Dad would complain they are up to late and Bubby would be pissed they are in the computer room while he is listening to music and IMing his buddy.
I heard back from the school. My oldest does not have a class this coming Fall. Back to homeschooling. I am actually, Hubby does not know yet, looking into places to relocate too.
North Carolina and Wisconsin seem the most promising. My middle child is pissed about this idea. He wants to stay here and go to school with his friends. My youngest is all for it. The place in NC is 3 hours from Myrtle Beach. The place in Wisconsin is gorgeous with greenery everywhere! I still need to talk to Hubby and Son. Then go from there. Nothing is set in stone, ever!
My MIL wants to be the teacher, and we pay her.
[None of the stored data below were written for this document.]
lemma abs_cont_on_has_integral_derivative:
  fixes f h :: "real \<Rightarrow> real"
  assumes "a \<le> b" and ac: "abs_cont_on {a..b} f" and N: "negligible N"
    and der: "\<And>t. t \<in> {a..b} - N \<Longrightarrow> (f has_real_derivative h t) (at t)"
  shows "(h has_integral (f b - f a)) {a..b}"
proof -
  have "((\<lambda>t. if t \<in> N then 0 else h t) has_integral (f b - f a)) {a..b}"
    unfolding has_integral_real
  proof (intro allI impI)
    fix e :: real assume "e > 0"
    obtain \<delta> where "\<delta> > 0" and \<delta>: "\<And>p. p tagged_partial_division_of {a..b} \<Longrightarrow>
        (\<Sum>(x, K)\<in>p. measure lborel K) < \<delta> \<Longrightarrow> (\<Sum>(x, K)\<in>p. \<bar>f (Sup K) - f (Inf K)\<bar>) < e / 2"
      using abs_cont_on_tagged_partial_division[OF ac, of "e / 2"] \<open>e > 0\<close> by auto
    obtain T where T: "open T" "N \<subseteq> T" "T \<in> lmeasurable" "measure lebesgue T < \<delta>"
      using negligible_open_superset_small[OF N \<open>\<delta> > 0\<close>] by blast
    define \<epsilon> where "\<epsilon> = e / (2 * (b - a + 1))"
    have "\<epsilon> > 0" "\<epsilon> * (b - a) \<le> e / 2"
      using \<open>e > 0\<close> \<open>a \<le> b\<close> by (simp_all add: \<epsilon>_def field_simps)
    have "\<exists>r>0. \<forall>y. \<bar>y - x\<bar> < r \<longrightarrow> \<bar>f y - f x - h x * (y - x)\<bar> \<le> \<epsilon> * \<bar>y - x\<bar>"
      if "x \<in> {a..b} - N" for x
      using has_real_derivative_local_error[OF der[OF that] \<open>\<epsilon> > 0\<close>] by metis
    then obtain r where r: "\<And>x. x \<in> {a..b} - N \<Longrightarrow> r x > 0"
      and local_error: "\<And>x y. x \<in> {a..b} - N \<Longrightarrow> \<bar>y - x\<bar> < r x \<Longrightarrow>
           \<bar>f y - f x - h x * (y - x)\<bar> \<le> \<epsilon> * \<bar>y - x\<bar>"
      by metis
    (* Pieces tagged outside N are controlled by the derivative; pieces tagged in N lie in the
       small open set T, so their total length is small and absolute continuity controls them. *)
    define \<gamma> where "\<gamma> x = (if x \<in> N then T else if x \<in> {a..b} then ball x (r x) else UNIV)" for x
    have "gauge \<gamma>"
      using T(1,2) r by (auto simp: gauge_def \<gamma>_def)
    moreover have "\<bar>(\<Sum>(x, K)\<in>p. measure lborel K * (if x \<in> N then 0 else h x)) - (f b - f a)\<bar> < e"
      if p: "p tagged_division_of {a..b}" and fine: "\<gamma> fine p" for p
    proof -
      define pN where "pN = {(x, K) \<in> p. x \<in> N}"
      have p': "p tagged_partial_division_of {a..b}"
        using p by (simp add: tagged_division_of_def)
      have in_gauge: "K \<subseteq> \<gamma> x" "x \<in> {a..b}" if "(x, K) \<in> p" for x K
        using fine that tagged_partial_division_ofD(2,3)[OF p' that] by (auto simp: fine_def)
      have "pN tagged_partial_division_of {a..b}"
        using p' by (rule tagged_partial_division_subset) (auto simp: pN_def)
      moreover have "(\<Sum>(x, K)\<in>pN. measure lborel K) \<le> measure lebesgue T"
      proof (rule sum_content_le_measure[OF \<open>pN tagged_partial_division_of _\<close> _ T(3)])
        show "K \<subseteq> T" if "(x, K) \<in> pN" for x K
          using that in_gauge(1)[of x K] by (simp add: pN_def \<gamma>_def)
      qed
      ultimately have "(\<Sum>(x, K)\<in>pN. \<bar>f (Sup K) - f (Inf K)\<bar>) < e / 2"
        using T(4) by (intro \<delta>) auto
      moreover have "\<bar>(\<Sum>(x, K)\<in>p. measure lborel K * (if x \<in> N then 0 else h x)) - (f b - f a)\<bar>
          \<le> (\<Sum>(x, K)\<in>pN. \<bar>f (Sup K) - f (Inf K)\<bar>) + \<epsilon> * (b - a)"
      proof (unfold pN_def, rule riemann_sum_error_off_exceptional_tags[OF \<open>a \<le> b\<close> p _ _ local_error])
        show "K \<subseteq> ball x (r x)" if "(x, K) \<in> p" "x \<notin> N" for x K
          using that in_gauge[OF that(1)] by (simp add: \<gamma>_def)
      qed (use \<open>\<epsilon> > 0\<close> in auto)
      ultimately show ?thesis
        using \<open>\<epsilon> * (b - a) \<le> e / 2\<close> by linarith
    qed
    ultimately show "\<exists>\<gamma>. gauge \<gamma> \<and> (\<forall>p. p tagged_division_of {a..b} \<and> \<gamma> fine p \<longrightarrow>
        norm ((\<Sum>(x, K)\<in>p. measure lborel K *\<^sub>R (if x \<in> N then 0 else h x)) - (f b - f a)) < e)"
      by auto
  qed
  then show ?thesis
    by (rule has_integral_spike[OF N, rotated]) simp
qed

lemma abs_cont_on_affine: "abs_cont_on S (\<lambda>t. a + t * c)"
  unfolding abs_cont_on_def
proof (intro allI impI exI conjI)
  fix e :: real assume "e > 0"
  then show "e / (\<bar>c\<bar> + 1) > 0" by simp
  fix n :: nat and l r :: "nat \<Rightarrow> real"
  assume H: "(\<forall>i<n. l i \<le> r i \<and> {l i..r i} \<subseteq> S) \<and>
      (\<forall>i<n. \<forall>j<n. i \<noteq> j \<longrightarrow> r i \<le> l j \<or> r j \<le> l i) \<and> (\<Sum>i<n. r i - l i) < e / (\<bar>c\<bar> + 1)"
  have "\<bar>a + r i * c - (a + l i * c)\<bar> = \<bar>c\<bar> * (r i - l i)" if "i < n" for i
  proof -
    have "a + r i * c - (a + l i * c) = c * (r i - l i)"
      by (simp add: algebra_simps)
    then show ?thesis
      using H that by (simp add: abs_mult)
  qed
  then have "(\<Sum>i<n. \<bar>a + r i * c - (a + l i * c)\<bar>) = \<bar>c\<bar> * (\<Sum>i<n. r i - l i)"
    by (simp add: sum_distrib_left)
  also have "\<dots> \<le> \<bar>c\<bar> * (e / (\<bar>c\<bar> + 1))"
    using H by (intro mult_left_mono) auto
  also have "\<dots> < e"
    using \<open>e > 0\<close> by (simp add: field_simps)
  finally show "(\<Sum>i<n. \<bar>a + r i * c - (a + l i * c)\<bar>) < e" .
qed

theorem abs_cont_on_fundamental_theorem_of_calculus:
  fixes f h :: "real \<Rightarrow> real"
  assumes "a \<le> b" and "abs_cont_on {a..b} f"
    and "AE t in lebesgue_on {a..b}. (f has_real_derivative h t) (at t)"
    and "integrable (lebesgue_on {a..b}) h"
  shows "f b - f a = (\<integral>t. h t \<partial>lebesgue_on {a..b})"
proof -
  obtain N where N: "N \<in> null_sets (lebesgue_on {a..b})"
    and der: "{t \<in> space (lebesgue_on {a..b}). \<not> (f has_real_derivative h t) (at t)} \<subseteq> N"
    using AE_E[OF assms(3)] by (metis null_setsI)
  have "negligible N"
    using N by (simp add: null_sets_restrict_space negligible_iff_null_sets)
  then have "(h has_integral (f b - f a)) {a..b}"
    using der by (intro abs_cont_on_has_integral_derivative[OF assms(1,2)]) auto
  moreover have "(h has_integral (\<integral>t. h t \<partial>lebesgue_on {a..b})) {a..b}"
    by (rule has_integral_integral_lebesgue_on[OF assms(4)]) simp
  ultimately show ?thesis
    by (rule has_integral_unique)
qed

section \<open>Inequalities for powers\<close>

lemma abs_le_one_plus_powr:
  fixes x q :: real
  assumes "q \<ge> 1"
  shows "\<bar>x\<bar> \<le> 1 + \<bar>x\<bar> powr q"
proof (cases "\<bar>x\<bar> \<le> 1")
  case False
  then have "\<bar>x\<bar> powr 1 \<le> \<bar>x\<bar> powr q"
    using assms by (intro powr_mono) auto
  then show ?thesis using False by simp
qed (simp add: add_increasing2)

lemma powr_above_tangent:
  fixes x a q :: real
  assumes "x \<ge> 0" "a > 0" "q \<ge> 1"
  shows "a powr q + q * a powr (q - 1) * (x - a) \<le> x powr q"
proof (cases "x = 0")
  case True
  have "a powr q = a * a powr (q - 1)"
    using assms by (simp add: powr_diff)
  then have "a powr q + q * a powr (q - 1) * (x - a) = (1 - q) * a powr q"
    using True by (simp add: algebra_simps)
  also have "\<dots> \<le> 0"
    using assms by (simp add: mult_nonpos_nonneg)
  finally show ?thesis using True by simp
next
  case False
  have "q * a powr (q - 1) * (x - a) \<le> x powr q - a powr q"
  proof (rule convex_on_imp_above_tangent[OF powr_convex[OF assms(3)]])
    show "((\<lambda>x. x powr q) has_real_derivative q * a powr (q - 1)) (at a within {0<..})"
      using assms by (auto intro!: derivative_eq_intros)
  qed (use assms False in \<open>auto simp: interior_open\<close>)
  then show ?thesis by simp
qed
I am thinking her price is very high. Not to mention all the supplies we need to buy. I think she is not being realistic here. The school deferred those costs out, and I was not stuck with it all. We paid a supplies fee, but they made bulk orders and it cost a lot less, plus they got the discount and the tax free for being a 501 3c.
I do not have those things. Also I think my oldest might throw a fit knowing it is Grandma as teacher, LOL. She even said Hubby might throw a fit because he remembers her as his homeschool teacher! LOL!
So much to do, think, and all that jazz.
Instead I think i will go watch a movie with youngest, drink my herbs and do Sudoku with my light on :)
1 comment:
I am going to go on record that I write these things after dark. This means after all reasonable function is gone. If their are misspellings, major grammar issues, etc....please ignore this and know I am tired!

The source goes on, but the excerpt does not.